Work to be completed:
Pull every line holding the word "tzero" out of the data and copy it.

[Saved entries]
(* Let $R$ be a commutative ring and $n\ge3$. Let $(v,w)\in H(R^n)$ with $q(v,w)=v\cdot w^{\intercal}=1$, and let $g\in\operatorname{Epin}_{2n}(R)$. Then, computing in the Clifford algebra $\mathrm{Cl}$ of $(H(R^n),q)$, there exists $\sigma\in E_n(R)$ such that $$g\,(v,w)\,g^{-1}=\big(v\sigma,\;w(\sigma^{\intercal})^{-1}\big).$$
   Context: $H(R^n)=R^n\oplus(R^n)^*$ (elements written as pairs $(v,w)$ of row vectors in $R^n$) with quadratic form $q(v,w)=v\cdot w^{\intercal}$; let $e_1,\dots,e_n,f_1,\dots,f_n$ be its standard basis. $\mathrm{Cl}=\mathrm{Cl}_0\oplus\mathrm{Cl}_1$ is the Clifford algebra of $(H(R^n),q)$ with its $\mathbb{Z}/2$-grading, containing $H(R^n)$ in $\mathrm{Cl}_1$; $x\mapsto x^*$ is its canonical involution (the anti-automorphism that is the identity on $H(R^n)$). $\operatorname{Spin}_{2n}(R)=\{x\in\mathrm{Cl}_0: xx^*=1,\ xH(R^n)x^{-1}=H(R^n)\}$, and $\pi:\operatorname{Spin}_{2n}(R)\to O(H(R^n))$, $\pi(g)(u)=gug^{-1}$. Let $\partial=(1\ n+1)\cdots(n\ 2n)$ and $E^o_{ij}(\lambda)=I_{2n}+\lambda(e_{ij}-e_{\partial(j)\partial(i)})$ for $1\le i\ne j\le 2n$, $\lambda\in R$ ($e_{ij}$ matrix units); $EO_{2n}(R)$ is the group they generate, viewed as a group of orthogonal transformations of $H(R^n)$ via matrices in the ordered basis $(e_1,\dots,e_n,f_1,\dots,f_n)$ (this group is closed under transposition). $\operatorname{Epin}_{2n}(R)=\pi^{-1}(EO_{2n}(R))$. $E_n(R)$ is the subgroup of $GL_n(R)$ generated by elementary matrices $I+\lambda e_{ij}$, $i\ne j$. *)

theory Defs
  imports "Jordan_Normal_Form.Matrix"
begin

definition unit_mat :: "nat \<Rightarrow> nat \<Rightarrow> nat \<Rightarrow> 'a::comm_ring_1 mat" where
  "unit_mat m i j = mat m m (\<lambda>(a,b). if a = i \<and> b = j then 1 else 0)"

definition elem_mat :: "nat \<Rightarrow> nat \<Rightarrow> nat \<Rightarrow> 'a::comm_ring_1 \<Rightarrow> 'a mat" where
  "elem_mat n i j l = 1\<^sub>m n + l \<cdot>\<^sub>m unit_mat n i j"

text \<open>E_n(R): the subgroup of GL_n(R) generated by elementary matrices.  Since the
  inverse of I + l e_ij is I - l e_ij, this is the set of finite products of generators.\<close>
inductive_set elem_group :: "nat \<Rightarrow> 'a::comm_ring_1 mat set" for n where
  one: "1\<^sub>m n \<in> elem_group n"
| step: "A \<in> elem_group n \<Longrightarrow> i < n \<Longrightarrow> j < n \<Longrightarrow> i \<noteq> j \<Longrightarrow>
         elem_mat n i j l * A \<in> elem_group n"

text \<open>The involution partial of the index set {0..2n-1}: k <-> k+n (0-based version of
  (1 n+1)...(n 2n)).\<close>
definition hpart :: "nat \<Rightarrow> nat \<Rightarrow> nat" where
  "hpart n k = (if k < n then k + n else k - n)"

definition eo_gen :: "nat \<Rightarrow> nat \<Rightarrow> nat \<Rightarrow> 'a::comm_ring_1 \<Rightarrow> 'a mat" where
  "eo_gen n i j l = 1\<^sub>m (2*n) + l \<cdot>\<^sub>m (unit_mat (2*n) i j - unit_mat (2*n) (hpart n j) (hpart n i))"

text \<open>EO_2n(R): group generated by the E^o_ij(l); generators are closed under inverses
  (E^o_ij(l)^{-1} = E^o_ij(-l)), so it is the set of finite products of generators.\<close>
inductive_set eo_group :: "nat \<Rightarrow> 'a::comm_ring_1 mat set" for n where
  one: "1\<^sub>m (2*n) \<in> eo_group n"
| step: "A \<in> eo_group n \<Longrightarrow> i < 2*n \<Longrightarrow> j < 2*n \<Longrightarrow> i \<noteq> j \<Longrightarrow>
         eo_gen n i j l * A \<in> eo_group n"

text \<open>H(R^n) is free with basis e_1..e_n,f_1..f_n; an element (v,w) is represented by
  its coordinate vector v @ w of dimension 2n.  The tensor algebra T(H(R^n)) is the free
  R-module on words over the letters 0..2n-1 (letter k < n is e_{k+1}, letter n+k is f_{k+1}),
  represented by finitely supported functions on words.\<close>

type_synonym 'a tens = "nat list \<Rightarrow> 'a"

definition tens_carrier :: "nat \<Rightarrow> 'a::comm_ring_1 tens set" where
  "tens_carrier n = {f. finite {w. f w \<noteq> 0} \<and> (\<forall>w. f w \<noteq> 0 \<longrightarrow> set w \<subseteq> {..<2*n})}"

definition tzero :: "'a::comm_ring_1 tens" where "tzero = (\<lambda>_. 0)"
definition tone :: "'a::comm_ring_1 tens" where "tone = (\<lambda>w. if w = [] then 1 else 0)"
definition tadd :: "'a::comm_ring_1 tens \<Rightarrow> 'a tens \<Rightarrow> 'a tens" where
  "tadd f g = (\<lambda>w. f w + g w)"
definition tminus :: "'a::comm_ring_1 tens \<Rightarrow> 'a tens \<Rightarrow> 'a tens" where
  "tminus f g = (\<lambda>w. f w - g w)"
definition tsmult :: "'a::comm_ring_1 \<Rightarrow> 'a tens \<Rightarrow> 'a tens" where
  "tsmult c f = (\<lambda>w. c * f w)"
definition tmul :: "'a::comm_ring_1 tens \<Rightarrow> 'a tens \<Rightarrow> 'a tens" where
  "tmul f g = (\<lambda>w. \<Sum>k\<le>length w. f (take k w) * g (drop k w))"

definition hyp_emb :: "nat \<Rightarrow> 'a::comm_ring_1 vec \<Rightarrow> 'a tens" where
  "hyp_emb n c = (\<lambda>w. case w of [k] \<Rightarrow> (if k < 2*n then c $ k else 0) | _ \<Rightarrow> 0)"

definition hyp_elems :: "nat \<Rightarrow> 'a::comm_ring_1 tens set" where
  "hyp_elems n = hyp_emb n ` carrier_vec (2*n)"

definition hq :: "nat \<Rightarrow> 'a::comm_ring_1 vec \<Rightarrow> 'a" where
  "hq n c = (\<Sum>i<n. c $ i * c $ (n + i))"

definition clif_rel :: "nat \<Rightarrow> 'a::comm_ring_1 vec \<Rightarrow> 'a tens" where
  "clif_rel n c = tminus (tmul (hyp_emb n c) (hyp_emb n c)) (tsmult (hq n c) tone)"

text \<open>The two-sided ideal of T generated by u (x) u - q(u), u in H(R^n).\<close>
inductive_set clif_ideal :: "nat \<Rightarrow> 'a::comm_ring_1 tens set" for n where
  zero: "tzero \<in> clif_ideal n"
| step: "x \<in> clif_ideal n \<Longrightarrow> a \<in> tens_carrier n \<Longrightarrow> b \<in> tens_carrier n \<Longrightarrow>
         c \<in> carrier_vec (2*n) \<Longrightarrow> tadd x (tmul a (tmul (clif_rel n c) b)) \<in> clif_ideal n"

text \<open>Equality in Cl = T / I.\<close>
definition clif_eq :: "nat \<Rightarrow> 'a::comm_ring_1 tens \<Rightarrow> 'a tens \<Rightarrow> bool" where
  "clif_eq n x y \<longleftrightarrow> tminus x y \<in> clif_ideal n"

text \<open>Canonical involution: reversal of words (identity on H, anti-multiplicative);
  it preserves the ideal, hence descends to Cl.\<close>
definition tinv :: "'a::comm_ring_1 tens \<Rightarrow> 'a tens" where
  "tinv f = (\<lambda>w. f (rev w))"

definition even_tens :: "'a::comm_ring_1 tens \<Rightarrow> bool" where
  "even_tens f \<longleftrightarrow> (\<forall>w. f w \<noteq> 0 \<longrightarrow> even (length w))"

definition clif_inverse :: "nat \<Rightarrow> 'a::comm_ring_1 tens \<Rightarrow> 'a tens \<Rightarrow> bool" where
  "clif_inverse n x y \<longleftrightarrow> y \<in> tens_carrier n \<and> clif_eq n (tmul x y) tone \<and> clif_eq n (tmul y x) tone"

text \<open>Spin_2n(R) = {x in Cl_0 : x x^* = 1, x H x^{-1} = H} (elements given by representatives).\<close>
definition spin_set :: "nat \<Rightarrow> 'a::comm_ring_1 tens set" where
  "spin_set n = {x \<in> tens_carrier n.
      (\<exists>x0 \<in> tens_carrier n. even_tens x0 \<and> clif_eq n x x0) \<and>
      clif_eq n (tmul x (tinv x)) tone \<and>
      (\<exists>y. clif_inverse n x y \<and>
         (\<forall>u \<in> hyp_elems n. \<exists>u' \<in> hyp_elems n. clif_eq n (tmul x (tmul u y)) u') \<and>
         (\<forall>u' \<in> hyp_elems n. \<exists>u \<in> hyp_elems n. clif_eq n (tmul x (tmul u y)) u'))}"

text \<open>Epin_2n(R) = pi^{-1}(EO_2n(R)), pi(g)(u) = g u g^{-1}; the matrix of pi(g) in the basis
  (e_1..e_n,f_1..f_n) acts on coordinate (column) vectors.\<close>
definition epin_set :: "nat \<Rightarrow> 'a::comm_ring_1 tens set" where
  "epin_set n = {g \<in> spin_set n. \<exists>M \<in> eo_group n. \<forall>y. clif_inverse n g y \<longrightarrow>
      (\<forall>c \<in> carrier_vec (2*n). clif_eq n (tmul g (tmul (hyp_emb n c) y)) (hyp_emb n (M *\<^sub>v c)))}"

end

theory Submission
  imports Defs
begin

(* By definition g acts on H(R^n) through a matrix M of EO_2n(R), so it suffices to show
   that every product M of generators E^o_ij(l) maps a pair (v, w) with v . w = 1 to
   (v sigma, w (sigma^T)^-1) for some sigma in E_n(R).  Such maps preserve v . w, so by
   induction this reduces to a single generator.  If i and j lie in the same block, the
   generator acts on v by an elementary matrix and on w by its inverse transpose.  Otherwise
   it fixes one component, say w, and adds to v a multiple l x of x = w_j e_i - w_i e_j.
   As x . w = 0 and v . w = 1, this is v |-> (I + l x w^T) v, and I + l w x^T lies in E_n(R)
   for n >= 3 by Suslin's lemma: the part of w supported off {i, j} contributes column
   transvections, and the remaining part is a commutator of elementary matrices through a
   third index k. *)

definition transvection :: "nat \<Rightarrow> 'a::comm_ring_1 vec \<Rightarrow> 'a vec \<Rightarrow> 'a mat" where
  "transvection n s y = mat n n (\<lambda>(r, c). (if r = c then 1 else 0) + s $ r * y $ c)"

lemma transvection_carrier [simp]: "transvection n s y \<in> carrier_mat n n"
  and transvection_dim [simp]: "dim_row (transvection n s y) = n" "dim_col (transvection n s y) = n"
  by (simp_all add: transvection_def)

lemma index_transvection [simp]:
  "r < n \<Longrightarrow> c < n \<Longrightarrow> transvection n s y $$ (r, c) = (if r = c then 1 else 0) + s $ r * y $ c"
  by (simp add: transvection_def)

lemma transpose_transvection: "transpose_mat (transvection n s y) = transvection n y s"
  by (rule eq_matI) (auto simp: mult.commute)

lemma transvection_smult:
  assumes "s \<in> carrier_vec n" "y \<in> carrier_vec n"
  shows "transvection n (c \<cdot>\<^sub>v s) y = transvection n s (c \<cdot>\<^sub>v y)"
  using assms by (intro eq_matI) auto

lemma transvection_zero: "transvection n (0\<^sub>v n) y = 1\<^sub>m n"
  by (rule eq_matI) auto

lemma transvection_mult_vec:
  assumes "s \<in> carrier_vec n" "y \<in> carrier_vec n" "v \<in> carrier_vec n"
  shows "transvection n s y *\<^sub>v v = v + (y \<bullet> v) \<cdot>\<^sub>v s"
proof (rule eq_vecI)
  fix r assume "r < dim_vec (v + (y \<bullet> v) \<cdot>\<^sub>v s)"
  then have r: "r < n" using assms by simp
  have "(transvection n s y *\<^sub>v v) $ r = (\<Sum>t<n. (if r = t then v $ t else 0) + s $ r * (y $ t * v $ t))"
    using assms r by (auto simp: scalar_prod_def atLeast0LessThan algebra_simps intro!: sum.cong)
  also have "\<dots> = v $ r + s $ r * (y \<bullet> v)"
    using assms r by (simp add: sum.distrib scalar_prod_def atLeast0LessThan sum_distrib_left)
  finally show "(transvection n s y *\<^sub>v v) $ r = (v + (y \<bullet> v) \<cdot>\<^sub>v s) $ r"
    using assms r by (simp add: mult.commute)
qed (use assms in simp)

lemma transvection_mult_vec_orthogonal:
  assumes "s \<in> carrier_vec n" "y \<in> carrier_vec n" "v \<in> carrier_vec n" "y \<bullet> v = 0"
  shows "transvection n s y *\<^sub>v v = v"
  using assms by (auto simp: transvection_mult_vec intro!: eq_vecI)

Solved problem:
definition tzero :: "'a::comm_ring_1 tens" where "tzero = (\<lambda>_. 0)"
  zero: "tzero \<in> clif_ideal n"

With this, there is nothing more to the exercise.